▶ **WHAT THE EXERCISE ASKS**:
Return exactly the listing's lines, from its first line to the line holding "by (intro DERIV_diff DERIV_cmult has_mixed_partial_onD(1)[OF", ends included.

▶ **MATERIALS PROVIDED**:
lemma product_form_if_mixed_partial_product:
  assumes U: "open U" "convex U" and mp: "has_mixed_partial_on U \<phi> Q R"
    and contQ: "continuous_on U Q"
    and K: "\<And>x y. (x, y) \<in> U \<Longrightarrow> (K has_real_derivative k x) (at x)"
    and M: "\<And>x y. (x, y) \<in> U \<Longrightarrow> (M has_real_derivative m y) (at y)"
    and contm: "continuous_on (snd ` U) m"
    and R: "\<And>x y. (x, y) \<in> U \<Longrightarrow> R (x, y) = k x * m y"
  obtains a b where "\<And>x y. (x, y) \<in> U \<Longrightarrow> \<phi> (x, y) = a x + b y + K x * M y"
proof -
  let ?\<phi> = "\<lambda>z. \<phi> z - K (fst z) * M (snd z)"
  let ?Q = "\<lambda>z. Q z - K (fst z) * m (snd z)"
  have "has_mixed_partial_on U ?\<phi> ?Q (\<lambda>_. 0)"
    unfolding has_mixed_partial_on_def
  proof (intro allI impI conjI)
    fix x y assume xy: "(x, y) \<in> U"
    have "((\<lambda>t. \<phi> (x, t) - K x * M t) has_real_derivative Q (x, y) - K x * m y) (at y)"
      by (intro DERIV_diff DERIV_cmult has_mixed_partial_onD(1)[OF mp xy] M[OF xy])
    then show "((\<lambda>t. ?\<phi> (x, t)) has_real_derivative ?Q (x, y)) (at y)" by simp
    have "((\<lambda>s. Q (s, y) - K s * m y) has_real_derivative R (x, y) - k x * m y) (at x)"
      by (intro DERIV_diff DERIV_cmult_right has_mixed_partial_onD(2)[OF mp xy] K[OF xy])
    then show "((\<lambda>s. ?Q (s, y)) has_real_derivative 0) (at x)"
      using R[OF xy] by simp
  qed
  moreover have "continuous_on U ?Q"
  proof -
    have "isCont K x" if "x \<in> fst ` U" for x
      using that K DERIV_isCont by force
    then have "continuous_on (fst ` U) K" by (simp add: continuous_at_imp_continuous_on)
    then have "continuous_on U (\<lambda>z. K (fst z))"
      by (rule continuous_on_compose2) (auto intro: continuous_intros)
    moreover have "continuous_on U (\<lambda>z. m (snd z))"
      by (rule continuous_on_compose2[OF contm]) (auto intro: continuous_intros)
    ultimately show ?thesis using contQ by (intro continuous_intros)
  qed
  ultimately obtain a b where "\<And>x y. (x, y) \<in> U \<Longrightarrow> ?\<phi> (x, y) = a x + b y"
    using additive_form_if_mixed_partial_zero[OF U] by blast
  then show ?thesis by (intro that[of a b]) (simp add: algebra_simps)
qed

lemma differentiable_if_scaled_increment:
  fixes f g :: "real \<Rightarrow> real"
  assumes "f differentiable (at t0)" "open S" "t0 \<in> S" "c \<noteq> 0"
    and increment: "\<And>t. t \<in> S \<Longrightarrow> f t - f t0 = c * (g t - g t0)"
  shows "g differentiable (at t0)"
proof -
  obtain D where "(f has_real_derivative D) (at t0)"
    using assms(1) real_differentiable_def by blast
  then have "((\<lambda>t. g t0 + (f t - f t0) / c) has_real_derivative D / c) (at t0)"
    using assms(4) by (auto intro!: derivative_eq_intros)
  then have "(g has_real_derivative D / c) (at t0)"
    by (rule has_field_derivative_transform_within_open[OF _ assms(2,3)])
      (use assms(4) increment in simp)
  then show ?thesis using real_differentiable_def by blast
qed

lemma mixed_partial_of_pseudo_gaussian_form:
  assumes "open U" and mp: "has_mixed_partial_on U \<phi> Q R"
    and dx: "\<And>x y. (x, y) \<in> U \<Longrightarrow> (\<lambda>t. \<phi> (t, y)) differentiable (at x)"
    and R0: "\<And>z. z \<in> U \<Longrightarrow> R z \<noteq> 0"
    and form: "\<And>x y. (x, y) \<in> U \<Longrightarrow> \<phi> (x, y) = a x + b y + s * g x * g y"
    and "(x0, y0) \<in> U"
  shows "R (x0, y0) = s * deriv g x0 * deriv g y0"
proof -
  obtain S T where ST: "open S" "open T" "x0 \<in> S" "y0 \<in> T" "S \<times> T \<subseteq> U"
    using assms(1,6) open_prod_elim by (metis mem_Sigma_iff)
  let ?K = "\<lambda>x. s * (g x - g x0)" and ?M = "\<lambda>y. g y - g y0"
  have local_form: "\<phi> (x, y) = (\<phi> (x, y0) - \<phi> (x0, y0)) + \<phi> (x0, y) + ?K x * ?M y"
    if "x \<in> S" "y \<in> T" for x y
  proof -
    have "(x, y) \<in> U" "(x, y0) \<in> U" "(x0, y0) \<in> U" "(x0, y) \<in> U" using that ST by auto
    then show ?thesis using form by (simp add: algebra_simps)
  qed
  (* Since R does not vanish, the product term is not identically zero near (x0, y0);
     on a line where it is not, g is an affine function of the differentiable phi. *)
  have "(\<exists>x1\<in>S. ?K x1 \<noteq> 0) \<and> (\<exists>y1\<in>T. s * ?M y1 \<noteq> 0)"
  proof (rule ccontr)
    assume "\<not> ?thesis"
    then have "?K x * ?M y = 0" if "x \<in> S" "y \<in> T" for x y
      using that by auto
    then have "R (x0, y0) = 0 * 0"
      by (intro mixed_partial_of_local_product_form[OF mp ST, where K = "\<lambda>_. 0" and M = "\<lambda>_. 0"
            and a = "\<lambda>x. \<phi> (x, y0) - \<phi> (x0, y0)" and b = "\<lambda>y. \<phi> (x0, y)"])
        (use local_form in auto)
    then show False using R0 assms(6) by simp
  qed
  then obtain x1 y1 where x1: "x1 \<in> S" "?K x1 \<noteq> 0" and y1: "y1 \<in> T" "s * ?M y1 \<noteq> 0"
    by blast
  have "g differentiable (at y0)"
  proof (rule differentiable_if_scaled_increment[OF _ \<open>open T\<close> \<open>y0 \<in> T\<close> x1(2)])
    have "((\<lambda>y. \<phi> (x1, y) - \<phi> (x0, y)) has_real_derivative Q (x1, y0) - Q (x0, y0)) (at y0)"
      using x1 ST by (intro DERIV_diff has_mixed_partial_onD(1)[OF mp]) auto
    then show "(\<lambda>y. \<phi> (x1, y) - \<phi> (x0, y)) differentiable (at y0)"
      using real_differentiable_def by blast
    show "(\<phi> (x1, y) - \<phi> (x0, y)) - (\<phi> (x1, y0) - \<phi> (x0, y0)) = ?K x1 * (g y - g y0)"
      if "y \<in> T" for y
      using local_form[OF x1(1) that] by simp
  qed
  moreover have "g differentiable (at x0)"
  proof (rule differentiable_if_scaled_increment[OF _ \<open>open S\<close> \<open>x0 \<in> S\<close> y1(2)])
    show "(\<lambda>x. \<phi> (x, y1) - \<phi> (x, y0)) differentiable (at x0)"
      using y1 ST by (intro differentiable_diff dx) auto
    show "(\<phi> (x, y1) - \<phi> (x, y0)) - (\<phi> (x0, y1) - \<phi> (x0, y0)) = s * ?M y1 * (g x - g x0)"
      if "x \<in> S" for x
      using local_form[OF that y1(1)] by (simp add: algebra_simps)
  qed
  ultimately have "(?K has_real_derivative s * deriv g x0) (at x0)"
    and "(?M has_real_derivative deriv g y0) (at y0)"
    by (auto simp flip: DERIV_deriv_iff_real_differentiable intro!: derivative_eq_intros)
  then show ?thesis
    using mixed_partial_of_local_product_form[OF mp ST local_form] by simp
qed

▶ **RESULT BELOW**:
lemma product_form_if_mixed_partial_product:
  assumes U: "open U" "convex U" and mp: "has_mixed_partial_on U \<phi> Q R"
    and contQ: "continuous_on U Q"
    and K: "\<And>x y. (x, y) \<in> U \<Longrightarrow> (K has_real_derivative k x) (at x)"
    and M: "\<And>x y. (x, y) \<in> U \<Longrightarrow> (M has_real_derivative m y) (at y)"
    and contm: "continuous_on (snd ` U) m"
    and R: "\<And>x y. (x, y) \<in> U \<Longrightarrow> R (x, y) = k x * m y"
  obtains a b where "\<And>x y. (x, y) \<in> U \<Longrightarrow> \<phi> (x, y) = a x + b y + K x * M y"
proof -
  let ?\<phi> = "\<lambda>z. \<phi> z - K (fst z) * M (snd z)"
  let ?Q = "\<lambda>z. Q z - K (fst z) * m (snd z)"
  have "has_mixed_partial_on U ?\<phi> ?Q (\<lambda>_. 0)"
    unfolding has_mixed_partial_on_def
  proof (intro allI impI conjI)
    fix x y assume xy: "(x, y) \<in> U"
    have "((\<lambda>t. \<phi> (x, t) - K x * M t) has_real_derivative Q (x, y) - K x * m y) (at y)"
      by (intro DERIV_diff DERIV_cmult has_mixed_partial_onD(1)[OF mp xy] M[OF xy])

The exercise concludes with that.